I was playing the guitar one day and Allyanne wanted to sing Mine by Taylor Swift. She really knows this song and I must admit, she's adorable when she tries, haha. She's growing up so much and it's happening before our eyes. Sometimes we don't even realise it because it's happening so gradually. I guess this is how our parents feel when they look at us.

Thursday 14 February 2013

Astaghfirullah

I opened up blogger because I originally wanted to post about how I feel my life is so difficult. I wanted to complain about how all these people in my life, the friends I have made, are so nice and sweet. And that it makes it so much harder for me when they will have to leave. Sometimes I feel I want to break contact with them. Stay distant so it won't hurt as much later on, or avoid talking to those who have already left.
Then I realised how ungrateful I am. My life is not at all difficult. I have been blessed and I am spoilt. I will never be grateful enough for what Allah has given me.

"Complaining is ingratitude. So when you complain, you show ingratitude to Allah."

Astaghfirullah.

People are just people and although you cannot help what you feel, is it not better to feel sad about something that is much more important? You cannot change the situations around you but you can, however, change how you react to these situations. Learn to accept the happenings around you for Allah has planned it, and no misfortune happens without His permission. It's time to concentrate on what we were put on this earth to do.

May Allah guide us and keep us on the right path, ameen.

Thursday 7 February 2013

Practicing to perform

I'm very tired of Dikir Barat practice for M Night and going to Redfern to practice our performance for ladies night. I know it's just singing but I don't know why, it makes me tired. I don't want to complain too much though, because although all this takes up most of my time, I know that I will miss it in the future. I will miss performing, practicing, making friends and hanging out. It's very fun. 

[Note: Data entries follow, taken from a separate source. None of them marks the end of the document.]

(* Let $F=(X,Y,Z)\colon\mathbb{D}_1\to\mathbb{C}^3$ be a bounded null holomorphic immersion with complete induced metric such that $1<|X|<2$ and $|Y|<1/3$ on $\mathbb{D}_1$. Let $W(z):=-\int_0^z Y\,dX$ and $$\mathcal{L}:=\begin{pmatrix}e^{-W}&Ye^{W}\\ Xe^{-W}&(1+XY)e^{W}\end{pmatrix},$$ so that $\mathcal{L}^{-1}d\mathcal{L}=\begin{pmatrix}0&\theta\\ \omega&0\end{pmatrix}$ with $\omega=e^{-2W}dX$, $\theta=e^{2W}(dY-Y^2dX)$. Then the metric $ds^2_{\mathcal L}=|\omega|^2+|\theta|^2$ is complete on $\mathbb{D}_1$; i.e., the flat front $f=\mathcal{L}\mathcal{L}^*\colon\mathbb{D}_1\to H^3$ is weakly complete.
   Context: $\mathbb{D}_1$ is the open unit disk; null means $F_z\cdot F_z\equiv 0$ for the complex bilinear dot product on $\mathbb{C}^3$. $H^3=\{aa^*: a\in\mathrm{SL}(2,\mathbb{C})\}$. A flat front $f=\mathcal{L}\mathcal{L}^*$ with holomorphic Legendrian lift $\mathcal{L}$ is weakly complete if $|\omega|^2+|\theta|^2$ is a complete Riemannian metric on $\mathbb{D}_1$. *)

theory Defs
  imports "HOL-Analysis.Analysis"
begin

text \<open>A conformal metric rho(z)|dz| on the open unit disk is complete iff every
  divergent C^1 path gamma : [0,1) -> D_1 (i.e. |gamma(t)| -> 1 as t -> 1, equivalently
  gamma leaves every compact subset of D_1) has infinite length.\<close>
definition complete_disk_metric :: "(complex \<Rightarrow> real) \<Rightarrow> bool" where
  "complete_disk_metric \<rho> \<longleftrightarrow>
     (\<forall>\<gamma> \<gamma>'.
        (\<forall>t\<in>{0..<1}. (\<gamma> has_vector_derivative \<gamma>' t) (at t within {0..<1::real})) \<and>
        continuous_on {0..<1} \<gamma>' \<and>
        \<gamma> ` {0..<1} \<subseteq> ball 0 1 \<and>
        ((\<lambda>t. norm (\<gamma> t)) \<longlongrightarrow> 1) (at_left 1)
        \<longrightarrow> (\<integral>\<^sup>+ t. ennreal (\<rho> (\<gamma> t) * norm (\<gamma>' t)) * indicator {0..<1} t \<partial>lborel) = \<infinity>)"

definition holo_map3 :: "(complex \<Rightarrow> complex) \<Rightarrow> (complex \<Rightarrow> complex) \<Rightarrow> (complex \<Rightarrow> complex) \<Rightarrow> bool" where
  "holo_map3 X Y Z \<longleftrightarrow> X holomorphic_on ball 0 1 \<and> Y holomorphic_on ball 0 1 \<and> Z holomorphic_on ball 0 1"

definition null_map3 where
  "null_map3 X Y Z \<longleftrightarrow> (\<forall>z\<in>ball 0 1. (deriv X z)\<^sup>2 + (deriv Y z)\<^sup>2 + (deriv Z z)\<^sup>2 = 0)"

definition immersion_map3 where
  "immersion_map3 X Y Z \<longleftrightarrow> (\<forall>z\<in>ball 0 1. (deriv X z, deriv Y z, deriv Z z) \<noteq> (0,0,0))"

definition induced_density3 where
  "induced_density3 X Y Z z = sqrt ((cmod (deriv X z))\<^sup>2 + (cmod (deriv Y z))\<^sup>2 + (cmod (deriv Z z))\<^sup>2)"

text \<open>Flat front f = L L^* with holomorphic Legendrian lift L = ((a,b),(c,d)):
  L^{-1} dL = ((0,theta),(omega,0)); omega is the (2,1) entry, theta the (1,2) entry of
  L^{-1} L' dz, where L^{-1} = (1/det L) ((d,-b),(-c,a)).\<close>
definition lift_omega :: "(complex \<Rightarrow> complex) \<Rightarrow> (complex \<Rightarrow> complex) \<Rightarrow> (complex \<Rightarrow> complex) \<Rightarrow> (complex \<Rightarrow> complex) \<Rightarrow> complex \<Rightarrow> complex" where
  "lift_omega a b c d z = (a z * deriv c z - c z * deriv a z) / (a z * d z - b z * c z)"

definition lift_theta :: "(complex \<Rightarrow> complex) \<Rightarrow> (complex \<Rightarrow> complex) \<Rightarrow> (complex \<Rightarrow> complex) \<Rightarrow> (complex \<Rightarrow> complex) \<Rightarrow> complex \<Rightarrow> complex" where
  "lift_theta a b c d z = (d z * deriv b z - b z * deriv d z) / (a z * d z - b z * c z)"

definition weakly_complete_front where
  "weakly_complete_front a b c d \<longleftrightarrow>
     complete_disk_metric (\<lambda>z. sqrt ((cmod (lift_omega a b c d z))\<^sup>2 + (cmod (lift_theta a b c d z))\<^sup>2))"

end

theory Submission
  imports Defs "HOL-Complex_Analysis.Complex_Analysis"
begin

text \<open>The second row (c, d) = (X e^(-W), (1 + XY) e^W) of the lift solves the linear system
  dc = d \<omega>, dd = c \<theta>. By Gronwall's inequality, |c|^2 + |d|^2 therefore stays bounded along
  every path of finite length for |\<omega>|^2 + |\<theta>|^2. Since |X| > 1 and |1 + XY| \<ge> 1/3, such a
  bound confines e^(2 Re W) to [1/M, 9M], and with the nullity of F this bounds the induced density
  |F_z| by a multiple of the lift density along the path. A divergent path of finite lift length
  would thus have finite length for the complete induced metric.\<close>

lemma has_real_derivative_cmod_power2:
  fixes f :: "real \<Rightarrow> complex"
  assumes "(f has_vector_derivative f') (at x)"
  shows "((\<lambda>s. (cmod (f s))\<^sup>2) has_real_derivative 2 * Re (f' * cnj (f x))) (at x)"
proof -
  have "((\<lambda>s. f s * cnj (f s)) has_vector_derivative f x * cnj f' + f' * cnj (f x)) (at x)"
    by (rule has_vector_derivative_mult[OF assms has_vector_derivative_cnj[OF assms]])
  then have "((\<lambda>s. Re (f s * cnj (f s))) has_real_derivative Re (f x * cnj f' + f' * cnj (f x))) (at x)"
    unfolding has_vector_derivative_complex_iff by blast
  moreover have "(\<lambda>s. Re (f s * cnj (f s))) = (\<lambda>s. (cmod (f s))\<^sup>2)"
    by (auto simp: fun_eq_iff complex_norm_square[symmetric])
  moreover have "Re (f x * cnj f' + f' * cnj (f x)) = 2 * Re (f' * cnj (f x))"
    by simp
  ultimately show ?thesis
    by simp
qed

lemma gronwall_inequality:
  fixes N g :: "real \<Rightarrow> real"
  assumes "0 \<le> t" and N_cont: "continuous_on {0..t} N" and g_cont: "continuous_on {0..t} g"
    and N_deriv: "\<And>x. 0 < x \<Longrightarrow> x < t \<Longrightarrow> \<exists>N'. (N has_real_derivative N') (at x) \<and> N' \<le> N x * g x"
  shows "N t \<le> N 0 * exp (integral {0..t} g)"
proof -
  define G where "G s = integral {0..s} g" for s
  define h where "h s = N s * exp (- G s)" for s
  have g_int: "g integrable_on {0..t}"
    by (rule integrable_continuous_interval[OF g_cont])
  have "h t \<le> h 0"
  proof (rule DERIV_nonpos_imp_decreasing_open[OF \<open>0 \<le> t\<close>])
    show "continuous_on {0..t} h"
      unfolding h_def G_def
      by (intro continuous_intros N_cont indefinite_integral_continuous_1[OF g_int])
    fix x assume x: "0 < x" "x < t"
    obtain N' where N': "(N has_real_derivative N') (at x)" "N' \<le> N x * g x"
      using N_deriv[OF x] by blast
    have "(G has_vector_derivative g x) (at x within {0..t})"
      unfolding G_def by (rule integral_has_vector_derivative[OF g_cont]) (use x in auto)
    moreover have "at x within {0..t} = at x"
      by (rule at_within_interior) (use x in auto)
    ultimately have "(G has_real_derivative g x) (at x)"
      by (simp add: has_real_derivative_iff_has_vector_derivative)
    then have "(h has_real_derivative N' * exp (- G x) - N x * (exp (- G x) * g x)) (at x)"
      unfolding h_def using N'(1) by (auto intro!: derivative_eq_intros)
    moreover have "N' * exp (- G x) - N x * (exp (- G x) * g x) = (N' - N x * g x) * exp (- G x)"
      by (simp add: algebra_simps)
    moreover have "\<dots> \<le> 0"
      using N'(2) by (simp add: mult_nonpos_nonneg)
    ultimately show "\<exists>y. (h has_real_derivative y) (at x) \<and> y \<le> 0"
      by auto
  qed
  then show ?thesis
    unfolding h_def G_def by (simp add: exp_minus field_simps)
qed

Below is a photo of the Dikirans learning their moves. I can see that they are all having fun and that makes me happy. I hope I don't let them down.


Group photo with the girls! We had a dress rehearsal yesterday. Is my outfit weird? Yes, I think so.
I may not know these ladies very well but I like them so much. They are so kind and friendly.


Another group photo with some of the dikirans. They are so sweet :) :) 


Hehe, me and Fatin playing with the Tomoto app on my iPhone.


Me and pretty Pei Shen!!


Haha, during the dress rehearsal, there were no plates left so we had to eat mee goreng in a Costa cup and use the stirring sticks as chop sticks. It reminded me of the time in Malaysia when we visited Melaka. We stayed at AFamosa resort with Haziq and for some reason, the kitchen didn't have any plates or cutlery?! So we improvised, just like camping...


Everyday, we sell food. I will sell it during practice, carry it with me everywhere. This bag has many memories; selling rice at the prayer hall; selling food at Warwick games; food delivery; M night practice, and many others...


I'm very, very tired and it's very, very late and I just finished practice with "Satu Arah". I really wanted to go home but felt too lazy to walk all the way home. But, alhamdulillah, I have a brother who can drive, so here I am, with my guitar behind my back, waiting for my ride home.